The Wednesday arguments were the culmination of a three-day hearing before Judge Joanne Rosado, whom the Hernandez brothers are hoping will grant them a new trial. Rosado, who now must analyze a mountain of old records and transcripts, has not set a date to announce her decision.
The brothers were convicted in separate trials for murder, attempted murder and aggravated battery in a Northwest Side shooting that killed Jorge Gonzalez. Rosendo Hernandez was sentenced to a total of 75 years, while Juan was sentenced to 86, according to a court filing for the brothers.
Perhaps the most explosive allegation over the course of this week’s hearing came Monday evening.

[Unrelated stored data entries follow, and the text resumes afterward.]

lemma f_preimage_exists:
  assumes x: "0 < x" "x \<le> 1/2" and no_gap: "\<not> in_gap x"
  obtains y where "0 < y" "y < x" "f y = x"
proof -
  obtain l0 where l0: "1 \<le> l0" "s l0 < x / (1 + C0)"
    using ex_sdisc_less[of "x / (1 + C0)"] x C0_pos by auto
  then have "f_upper (s l0) < x"
    using f_upper_le[OF sdisc_pos, of l0] sdisc_le_iff[of l0 0] C0_pos
    by (simp add: pos_less_divide_eq mult.commute)
  then have ex: "\<exists>l. 1 \<le> l \<and> f_upper (s l) < x" using l0 by blast
  define L where "L = (LEAST l. 1 \<le> l \<and> f_upper (s l) < x)"
  have L: "1 \<le> L" "f_upper (s L) < x" using LeastI_ex[OF ex] by (auto simp: L_def)
  have above: "x < f_lower (s (L - 1))" if "2 \<le> L"
  proof -
    have "\<not> f_upper (s (L - 1)) < x"
      using not_less_Least[of "L - 1" "\<lambda>l. 1 \<le> l \<and> f_upper (s l) < x"] that by (auto simp: L_def)
    moreover have "1 \<le> L - 1" using that by simp
    ultimately show ?thesis using no_gap unfolding in_gap_def by (meson not_less)
  qed
  define b where "b = min (s (L - 1)) (1/2)"
  have "s L < x" using less_f_upper[OF sdisc_pos, of L] L(2) by simp
  then have "s L < b" using x sdisc_less_iff[of L "L - 1"] L(1) by (simp add: b_def)
  have "branch L (s L) \<le> x" using L(2) by (simp add: branch_at_sdisc)
  moreover have "x \<le> branch L b"
  proof (cases "b = 1/2")
    case True
    then show ?thesis using less_branch[of b L] x by simp
  next
    case False
    then have b: "b = s (L - 1)" "s (L - 1) < 1/2" by (auto simp: b_def)
    then have "L \<noteq> 1" by auto
    then have "2 \<le> L" using L(1) by simp
    then show ?thesis using above b branch_at_sdisc_pred[OF L(1)] by simp
  qed
  moreover have "continuous_on {s L..b} (branch L)"
    by (rule continuous_on_subset[OF continuous_on_branch]) (use sdisc_pos[of L] in auto)
  ultimately have "\<exists>y\<ge>s L. y \<le> b \<and> branch L y = x"
    using \<open>s L < b\<close> by (intro IVT') simp_all
  then obtain y where y: "s L \<le> y" "y \<le> b" "branch L y = x" by blast
  have "y < s (L - 1)"
  proof (cases "L = 1")
    case True
    then show ?thesis using y(2) by (simp add: b_def)
  next
    case False
    have "y \<noteq> s (L - 1)"
    proof
      assume "y = s (L - 1)"
      then have "x = f_lower (s (L - 1))" using y(3) branch_at_sdisc_pred[OF L(1)] by simp
      then show False using above False L(1) by simp
    qed
    then show ?thesis using y(2) by (simp add: b_def)
  qed
  then have "f y = x" using f_eq_branch[OF L(1) y(1)] y by (simp add: b_def)
  moreover have "0 < y" using y(1) sdisc_pos[of L] by linarith
  ultimately show ?thesis using that less_branch[of y L] y(3) by simp
qed

lemma xstep_in_gap:
  assumes "in_gap x"
  obtains l where "1 \<le> l" "xstep \<alpha> c1 C0 x = s l" "f_lower (s l) \<le> x" "x \<le> f_upper (s l)"
proof -
  define P where "P l \<longleftrightarrow> 1 \<le> l \<and> f_lower (s l) \<le> x \<and> x \<le> f_upper (s l)" for l
  have "\<exists>l. P l" using assms by (auto simp: in_gap_def P_def)
  then have "P (SOME l. P l)" by (rule someI_ex)
  moreover have "xstep \<alpha> c1 C0 x = s (SOME l. P l)"
    using assms by (simp add: xstep_def in_gap_def P_def)
  ultimately show thesis unfolding P_def by (blast intro: that)
qed

lemma xstep_not_in_gap:
  assumes x: "0 < x" "x \<le> 1/2" and no_gap: "\<not> in_gap x"
  shows "0 < xstep \<alpha> c1 C0 x \<and> xstep \<alpha> c1 C0 x < x \<and> f (xstep \<alpha> c1 C0 x) = x"
proof -
  have "\<exists>!y. 0 < y \<and> y < x \<and> f y = x"
  proof (rule ex_ex1I)
    show "\<exists>y. 0 < y \<and> y < x \<and> f y = x" using f_preimage_exists[OF x no_gap] by blast
    show "y1 = y2" if "0 < y1 \<and> y1 < x \<and> f y1 = x" "0 < y2 \<and> y2 < x \<and> f y2 = x" for y1 y2
      using f_preimage_unique[OF no_gap, of y1 y2] f_preimage_unique[OF no_gap, of y2 y1] that x
      by (cases y1 y2 rule: linorder_cases) auto
  qed
  moreover have "\<not> (\<exists>l\<ge>1. fminus \<alpha> c1 C0 l \<le> x \<and> x \<le> fplus \<alpha> c1 C0 l)"
    using no_gap by (simp add: in_gap_def)
  then have "xstep \<alpha> c1 C0 x = (THE y. 0 < y \<and> y < x \<and> f y = x)"
    unfolding xstep_def by (rule if_not_P)
  ultimately show ?thesis using theI'[of "\<lambda>y. 0 < y \<and> y < x \<and> f y = x"] by simp
qed

lemma xstep_bounds:
  assumes "0 < x" "x \<le> 1/2"
  defines "y \<equiv> xstep \<alpha> c1 C0 x"
  shows "0 < y" "f_lower y \<le> x" "x \<le> f_upper y" "x \<noteq> f y \<Longrightarrow> \<exists>l\<ge>1. y = s l"
proof -
  have "0 < y \<and> f_lower y \<le> x \<and> x \<le> f_upper y \<and> (x \<noteq> f y \<longrightarrow> (\<exists>l\<ge>1. y = s l))"
  proof (cases "in_gap x")
    case True
    then show ?thesis by (elim xstep_in_gap) (auto simp: y_def sdisc_pos)
  next
    case False
    then have "0 < y" "y < x" "f y = x" using xstep_not_in_gap[OF assms(1,2)] by (auto simp: y_def)
    then show ?thesis using f_lower_less_f[of y] f_le_f_upper[of y] assms by auto
  qed
  then show "0 < y" "f_lower y \<le> x" "x \<le> f_upper y" "x \<noteq> f y \<Longrightarrow> \<exists>l\<ge>1. y = s l" by blast+
qed

abbreviation xs :: "nat \<Rightarrow> real" where "xs \<equiv> xseq \<alpha> c1 C0"

lemma xs_pos_le_half: "0 < xs n \<and> xs n \<le> 1/2"
proof (induction n)
  case (Suc n)
  then show ?case
    using xstep_bounds(1,2)[of "xs n"] less_f_lower[of "xs (Suc n)"] by auto
qed simp

lemma xs_pos: "0 < xs n" and xs_le_half: "xs n \<le> 1/2"
  using xs_pos_le_half by auto

lemma xs_step_bounds:
  "f_lower (xs (Suc n)) \<le> xs n" "xs n \<le> f_upper (xs (Suc n))"
  "xs n \<noteq> f (xs (Suc n)) \<Longrightarrow> \<exists>l\<ge>1. xs (Suc n) = s l"
  using xstep_bounds[OF xs_pos xs_le_half, of n] by simp_all

lemma xs_less_iff: "xs n < xs m \<longleftrightarrow> m < n"
proof -
  have "xs (Suc k) < xs k" for k
    using xs_step_bounds(1)[of k] less_f_lower[OF xs_pos, of "Suc k"] by simp
  then show ?thesis using lift_Suc_mono_less_iff[of "\<lambda>k. - xs k" m n] by simp
qed

lemma xs_le_iff: "xs n \<le> xs m \<longleftrightarrow> m \<le> n"
  using xs_less_iff[of m n] by linarith

definition step_coeff :: "nat \<Rightarrow> real" where
  "step_coeff n = (xs n - xs (Suc n)) / xs (Suc n) powr (1 + \<alpha>)"

lemma xs_eq_step_coeff: "xs n = xs (Suc n) + step_coeff n * xs (Suc n) powr (1 + \<alpha>)"
  using xs_pos[of "Suc n"] by (simp add: step_coeff_def)

lemma step_coeff_bounds: "C0 / 2 \<le> step_coeff n" "step_coeff n \<le> C0"
  using xs_step_bounds(1,2)[of n] xs_pos[of "Suc n"]
  by (simp_all add: step_coeff_def f_lower_def f_upper_def pos_le_divide_eq pos_divide_le_eq)

lemma step_coeff_eq_M1:
  assumes "xs n = f (xs (Suc n))"
  shows "step_coeff n = M1 c1 C0 (xs (Suc n))"
proof -
  have "xs n - xs (Suc n) = M1 c1 C0 (xs (Suc n)) * xs (Suc n) powr (1 + \<alpha>)"
    using assms f_eq[OF xs_pos xs_le_half, of "Suc n"] by simp
  then show ?thesis using xs_pos[of "Suc n"] by (simp add: step_coeff_def)
qed

text \<open>The steps at which the construction took the gap branch and set \<open>xs (Suc j)\<close> to a
  discontinuity point.\<close>
definition jumps :: "nat \<Rightarrow> nat set" where
  "jumps n = {j. j < n \<and> xs j \<noteq> f (xs (Suc j))}"

text \<open>Distinct jumps land on distinct discontinuities \<open>s l \<ge> xs n\<close>.\<close>
lemma card_jumps_le: "real (card (jumps n)) \<le> - ln (xs n) / c1"
proof -
  define N where "N = nat \<lfloor>- ln (xs n) / c1\<rfloor>"
  have "(\<lambda>j. xs (Suc j)) ` jumps n \<subseteq> s ` {1..N}"
  proof
    fix y assume "y \<in> (\<lambda>j. xs (Suc j)) ` jumps n"
    then obtain j where j: "j < n" "xs j \<noteq> f (xs (Suc j))" "y = xs (Suc j)"
      by (auto simp: jumps_def)
    then obtain l where l: "1 \<le> l" "xs (Suc j) = s l" using xs_step_bounds(3) by blast
    have "xs n \<le> s l" using j(1) l(2) xs_le_iff[of n "Suc j"] by simp
    then have "real l * c1 \<le> - ln (xs n)"
      using ln_le_cancel_iff[OF xs_pos sdisc_pos, of n l] by (simp add: ln_sdisc)
    then have "real l \<le> - ln (xs n) / c1" by (rule iffD2[OF pos_le_divide_eq[OF c1_pos]])
    then have "l \<le> N" by (simp add: N_def le_nat_floor)
    then show "y \<in> s ` {1..N}" using l j(3) by auto
  qed
  moreover have "inj_on (\<lambda>j. xs (Suc j)) (jumps n)"
    by (rule inj_onI) (metis xs_less_iff less_irrefl linorder_neq_iff Suc_inject)
  ultimately have "card (jumps n) \<le> card (s ` {1..N})"
    by (metis card_image card_mono finite_imageI finite_atLeastAtMost)
  also have "\<dots> \<le> N" using card_image_le[of "{1..N}" s] by simp
  finally have "real (card (jumps n)) \<le> real N" by simp
  also have "\<dots> \<le> - ln (xs n) / c1"
  proof -
    have "0 \<le> - ln (xs n)" using xs_pos[of n] xs_le_half[of n] by simp
    then show ?thesis unfolding N_def using c1_pos by (intro of_nat_floor divide_nonneg_pos)
  qed
  finally show ?thesis .
qed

A former federal cooperator, Fred Rock, testified that notoriously corrupt drug-running cop Joseph Miedzianowski had it in for Juan Hernandez because he thought he had stolen drugs from an associate. Miedzianowski told Rock that Guevara was the guy who was going to help him “get” Hernandez, Rock testified.
Both brothers took the witness stand Wednesday and flatly denied any involvement in the shooting, repeating their alibis: Rosendo was at a bowling alley, Juan was at a pizza parlor helping prepare for a quinceañera. Guevara allegedly tweaked those alibis in the reports he wrote after interviewing the brothers, in order to make them less credible.
Rosado also viewed part of a deposition Guevara gave in April, in which he invoked his Fifth Amendment right to remain silent dozens of times in just a few minutes — even when asked seemingly benign questions like whether or not he knew the Hernandez brothers.
Of the multiple eyewitnesses who testified at the brothers’ trials, only two took the stand again this week. One, José Gonzalez, said Wednesday that he was outside on North Mobile Street that night in 1997 when three men came up, two of whom fired shots.
He got a good view of the shooters’ faces, and identified them in photos, in a lineup, and at the Hernandez brothers’ trials, he said, maintaining that nobody influenced him or told him whom to pick out.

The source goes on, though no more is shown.